Non-combustible: Higher costs were seen across the board in 2024, outside of fuel, putting pressure on margins. Key cost issues included intense wage pressure and one-off expenses related to multiple airline employee strikes in 2024. In addition, there was a sharp increase in maintenance costs due to grounded aircraft and an aging global fleet. Overall non-fuel unit costs increased 1,3% in 2024 to a total of $643 billion. Non-fuel unit cost increases in 2025 are expected to be limited to 0,5%, reaching $692 billion.

The largest non-fuel cost is labor. In 2025, labor costs are expected to total $253 billion, an increase of 7,6% from 2024. With productivity gains, however, average unit labor costs are likely to increase by only 0,5% in 2025 compared to 2024. The airline workforce is expected to increase by 4% to 3,3 million people.

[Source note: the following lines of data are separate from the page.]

lemma Lw_norm_nonneg:
  assumes "f \<in> Lw" shows "Lw_norm f \<ge> 0"
proof -
  have "sqrt 2 * \<bar>f 1 - f 0\<bar> \<le> Lw_norm f" using Lw_quot_le[OF assms, of 0 1] by simp
  moreover have "0 \<le> sqrt 2 * \<bar>f 1 - f 0\<bar>" by simp
  ultimately show ?thesis by linarith
qed

lemma Lw_diff_sq_le:
  assumes f: "f \<in> Lw"
  shows "(f x - f y)^2 \<le> (Lw_norm f)^2 * ((x - y)^2 / ((1 + x^2) * (1 + y^2)))"
proof (cases "x = y")
  case False
  define q where "q = sqrt (1 + x^2) * sqrt (1 + y^2)"
  have q: "q > 0" "q^2 = (1 + x^2) * (1 + y^2)"
    unfolding q_def by (simp_all add: add_pos_nonneg power_mult_distrib)
  have "q * \<bar>f x - f y\<bar> \<le> Lw_norm f * \<bar>x - y\<bar>"
    using Lw_quot_le[OF f False] False by (simp add: q_def abs_divide field_simps)
  then have "(q * \<bar>f x - f y\<bar>)^2 \<le> (Lw_norm f * \<bar>x - y\<bar>)^2"
    by (rule power_mono) (use q in simp)
  then have "(f x - f y)^2 * q^2 \<le> (Lw_norm f)^2 * (x - y)^2"
    by (simp add: power_mult_distrib mult.commute)
  then have "(f x - f y)^2 \<le> (Lw_norm f)^2 * (x - y)^2 / q^2"
    using q(1) by (simp add: pos_le_divide_eq)
  then show ?thesis
    using q(2) by simp
qed simp

lemma Lw_abs_diff_le:
  assumes f: "f \<in> Lw" and weight: "(x - y)^2 / ((1 + x^2) * (1 + y^2)) \<le> B^2"
  shows "\<bar>f x - f y\<bar> \<le> Lw_norm f * \<bar>B\<bar>"
proof -
  have "(f x - f y)^2 \<le> (Lw_norm f)^2 * B^2"
    using Lw_diff_sq_le[OF f, of x y] weight by (meson order_trans mult_left_mono zero_le_power2)
  then have "\<bar>f x - f y\<bar>^2 \<le> (Lw_norm f * \<bar>B\<bar>)^2"
    by (simp add: power_mult_distrib)
  then show ?thesis by (rule power2_le_imp_le) (simp add: Lw_norm_nonneg[OF f])
qed

text \<open>The functions of \<open>Lw\<close> vanish at -\<infinity> and oscillate by at most 2 \<parallel>f\<parallel>,
  since (x - y)^2 \<le> 4 (1 + x^2) (1 + y^2); hence they are bounded.\<close>
lemma Lw_bounded:
  assumes f: "f \<in> Lw"
  shows "\<bar>f x\<bar> \<le> 2 * Lw_norm f + 1"
proof -
  have weight: "(x - y)^2 / ((1 + x^2) * (1 + y^2)) \<le> 2^2" for y
  proof -
    have "4 * ((1 + x^2) * (1 + y^2)) - (x - y)^2 = 4 + 2*x^2 + 2*y^2 + (x + y)^2 + 4*(x*y)^2"
      by (simp add: power2_eq_square algebra_simps)
    moreover have "0 \<le> 4 + 2*x^2 + 2*y^2 + (x + y)^2 + 4*(x*y)^2" by simp
    ultimately have "(x - y)^2 \<le> 4 * ((1 + x^2) * (1 + y^2))" by linarith
    then show ?thesis by (simp add: divide_le_eq add_pos_nonneg)
  qed
  have osc: "\<bar>f x - f y\<bar> \<le> 2 * Lw_norm f" for y
    using Lw_abs_diff_le[OF f weight[of y]] by (simp add: mult.commute)
  have "(f \<longlongrightarrow> 0) at_bot" using f by (simp add: Lw_def)
  then have "eventually (\<lambda>y. dist (f y) 0 < 1) at_bot" by (rule tendstoD) simp
  then obtain y where "\<bar>f y\<bar> < 1" by (auto simp: eventually_at_bot_linorder dist_real_def)
  with osc[of y] show ?thesis by linarith
qed
lemma grid_diagonal_closed:
  assumes G: "grid_data m n r s a b"
  shows "diagonal_closed (grid_cells m n r s a b)"
  unfolding diagonal_closed_def
proof (intro allI impI)
  let ?P = "grid_cells m n r s a b"
  fix x0 x1 x2 y0 y1 y2
  assume h: "x0 < x1" "x1 < x2" "y0 < y1" "y1 < y2"
    and A: "rect_in ?P x0 y1 x1 y2" and B: "rect_in ?P x1 y0 x2 y1"
  show "rect_in ?P x0 y0 x1 y1 \<or> rect_in ?P x1 y1 x2 y2"
  proof (rule ccontr)
    assume "\<not> ?thesis"
    then obtain u v u' v' where uv: "x0 \<le> u" "u < x1" "y0 \<le> v" "v < y1" "(u, v) \<notin> ?P"
      and uv': "x1 \<le> u'" "u' < x2" "y1 \<le> v'" "v' < y2" "(u', v') \<notin> ?P"
      unfolding rect_in_def by blast
    have "(u, y1) \<in> ?P" "(x1, v) \<in> ?P" "(x0, v') \<in> ?P" "(u', y0) \<in> ?P"
      using A B uv uv' h unfolding rect_in_def by auto
    then have bounds: "1 \<le> u" "u + 1 \<le> m" "1 \<le> v" "v + 1 \<le> n"
      "1 \<le> u'" "u' + 1 \<le> m" "1 \<le> v'" "v' + 1 \<le> n"
      unfolding grid_cells_def cell_in_def by auto
    obtain i j where ij: "i \<in> {1..r}" "j \<in> {1..s}" "cell_in (u, v) (a i j) (b i j)"
      using uv(5) bounds unfolding grid_cells_def cell_in_def by auto
    obtain i' j' where ij': "i' \<in> {1..r}" "j' \<in> {1..s}" "cell_in (u', v') (a i' j') (b i' j')"
      using uv'(5) bounds unfolding grid_cells_def cell_in_def by auto
    \<comment> \<open>hole columns depend only on the first index and hole rows only on the second\<close>
    have "fst (a i j) = fst (a i j')" "fst (b i j) = fst (b i j')"
      "snd (a i j') = snd (a i' j')" "snd (b i j') = snd (b i' j')"
      using G ij ij' unfolding grid_data_def by blast+
    then have "cell_in (u, v') (a i j') (b i j')"
      using ij(3) ij'(3) unfolding cell_in_def by auto
    then have "(u, v') \<notin> ?P" using ij(1) ij'(2) unfolding grid_cells_def by blast
    moreover have "(u, v') \<in> ?P" using A uv uv' unfolding rect_in_def by auto
    ultimately show False by contradiction
  qed
qed
(* For all integers $m,k,p\ge 0$, \begin{align*} &(-1)^{m+1}\sum_{i=0}^{m}\frac{(\ln 2)^i}{i!}\zeta(\bar 1,\{1\}_{m-i},p+3,\{1\}_k)+(-1)^{p+k+1}\sum_{i=0}^{k}\frac{(\ln 2)^i}{i!}\zeta(\bar 1,\{1\}_{k-i},p+3,\{1\}_m)\\ &=\frac{(-1)^m}{(m+1)!}(\ln 2)^{m+1}\zeta(\overline{p+3},\{1\}_k)+\frac{(-1)^{p+k}}{(k+1)!}(\ln 2)^{k+1}\zeta(\overline{p+3},\{1\}_m)\\ &\quad+\sum_{i=0}^{p}(-1)^i\zeta(\overline{2+i},\{1\}_m)\,\zeta(\overline{p+2-i},\{1\}_k). \end{align*}
   Context: For nonzero integers $s_1,\dots,s_k$, with $\operatorname{sgn}(s)=1$ if $s>0$ and $-1$ if $s<0$, the multiple zeta value is $\zeta(s_1,\dots,s_k)=\sum_{n_1>n_2>\cdots>n_k\ge 1}\prod_{j=1}^k n_j^{-|s_j|}\operatorname{sgn}(s_j)^{n_j}$. A barred entry $\bar q$ (e.g. $\bar 1$, $\overline{p+3}$) denotes the negative entry $-q$. The notation $\{1\}_d$ means the entry $1$ repeated $d$ times ($d=0$ means no entries). *)

theory Defs
  imports Complex_Main
begin

text \<open>Truncated multiple zeta sum over N \<ge> n1 > n2 > ... > nk \<ge> 1 for signed
  (nonzero integer) entries: entry s contributes sgn(s)^n / n^|s|.\<close>
fun mzv_trunc :: "int list \<Rightarrow> nat \<Rightarrow> real" where
  "mzv_trunc [] N = 1"
| "mzv_trunc (s # ss) N =
     (\<Sum>n = 1..N. (of_int (sgn s)) ^ n / (real n) ^ (nat \<bar>s\<bar>) * mzv_trunc ss (n - 1))"

definition mzv :: "int list \<Rightarrow> real" where
  "mzv s = lim (\<lambda>N. mzv_trunc s N)"

end

theory Submission
  imports Defs "HOL-Analysis.Harmonic_Numbers"
begin
(* The horizontal monoidal category $H(\mathsf{sInst})$ of the double category of simplicial instruments can be identified with the monoidal category $(\mathsf{Chan},\otimes,\mathbb C)$ of finite-dimensional Hilbert spaces and channels, via the identification of simplicial instruments $\Delta^0\to\mathcal{CP}_{V,W}(\Delta^0)$ with channels $V\to W$; and the vertical monoidal category $V(\mathsf{sInst})$ can be identified with the Kleisli category $\mathsf{sSet}_D$ of the levelwise distribution monad on simplicial sets (with monoidal product given on objects by the product of simplicial sets), via the identification $\mathcal{CP}_{\mathbb C,\mathbb C}(Y)\cong D(Y)$ induced by $\operatorname{CP}(\mathbb C,\mathbb C)\cong\mathbb R_{\ge0}$.
   Context: All Hilbert spaces are finite-dimensional; $\operatorname{CP}(V,W)$ denotes completely positive maps $L(V)\to L(W)$ and channels are trace-preserving ones. For a set $S$, $\mathcal{CP}_{V,W}(S)$ is the set of finitely supported $\Phi:S\to\operatorname{CP}(V,W)$ with $\sum_s\Phi^s$ a channel, functorial in $S$ by $(f_*\Phi)^t=\sum_{f(s)=t}\Phi^s$; it is extended levelwise to simplicial sets. A simplicial instrument is a simplicial map $\Phi:X\to\mathcal{CP}_{V,W}(Y)$. The double category $\mathsf{sInst}$ has one object, vertical morphisms Hilbert spaces, horizontal morphisms simplicial sets, and squares (with horizontal boundaries $X$ above, $Y$ below, vertical boundaries $V$, $W$) the simplicial instruments $X\to\mathcal{CP}_{V,W}(Y)$. Horizontal composition: for $\Phi:X_1\to\mathcal{CP}_{V,W}(Y_1)$, $\Psi:X_2\to\mathcal{CP}_{W,U}(Y_2)$, $(\Psi\circ\Phi)_{(x_1,x_2)}^{(y_1,y_2)}=\Psi_{x_2}^{y_2}\circ\Phi_{x_1}^{y_1}$ on $X_1\times X_2\to\mathcal{CP}_{V,U}(Y_1\times Y_2)$. Vertical composition: for $\Phi:X\to\mathcal{CP}_{V_1,W_1}(Y)$, $\Psi:Y\to\mathcal{CP}_{V_2,W_2}(Z)$, $(\Psi\bullet\Phi)_x^z=\sum_{y\in Y_n}\Phi_x^y\otimes\Psi_y^z$. The horizontal identity is the terminal simplicial set $\Delta^0$ (one simplex in each degree), and the vertical identity is $\mathbb C$. The horizontal monoidal category $H(\mathsf{sInst})$ has objects the Hilbert spaces, morphisms $V\to W$ the squares with both horizontal boundaries $\Delta^0$, composition by horizontal composition and tensor product by vertical composition. The vertical monoidal category $V(\mathsf{sInst})$ has objects simplicial sets, morphisms $X\to Y$ the squares with both vertical boundaries $\mathbb C$, composition by vertical composition and tensor product by horizontal composition. $D$ is the distribution monad ($D(S)$ = finitely supported probability distributions on $S$) applied levelwise to simplicial sets; $\mathsf{sSet}_D$ is its Kleisli category, with objects simplicial sets and morphisms simplicial maps $X\to D(Y)$. *)

theory Defs
  imports Complex_Main "HOL-Library.Function_Algebras" "HOL-Library.FuncSet"
    "HOL-Probability.Probability_Mass_Function"
begin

Fuel: Jet fuel prices fell to $70/barrel in September 2024 for the first time since the start of the Russia-Ukraine War. In 2025, jet fuel is expected to average $87/barrel (down from $99/barrel in 2024), based on a jet fuel crack spread of $12/barrel and a crude oil price of $75/barrel (Brent). As a result, cumulative airline fuel spend is expected to be $248 billion, a decline of 4,8%, despite a 6% increase in the amount of fuel expected to be consumed (107 billion gallons). Fuel is expected to for 26,4% of operating costs in 2025, down from 28,9% in 2024.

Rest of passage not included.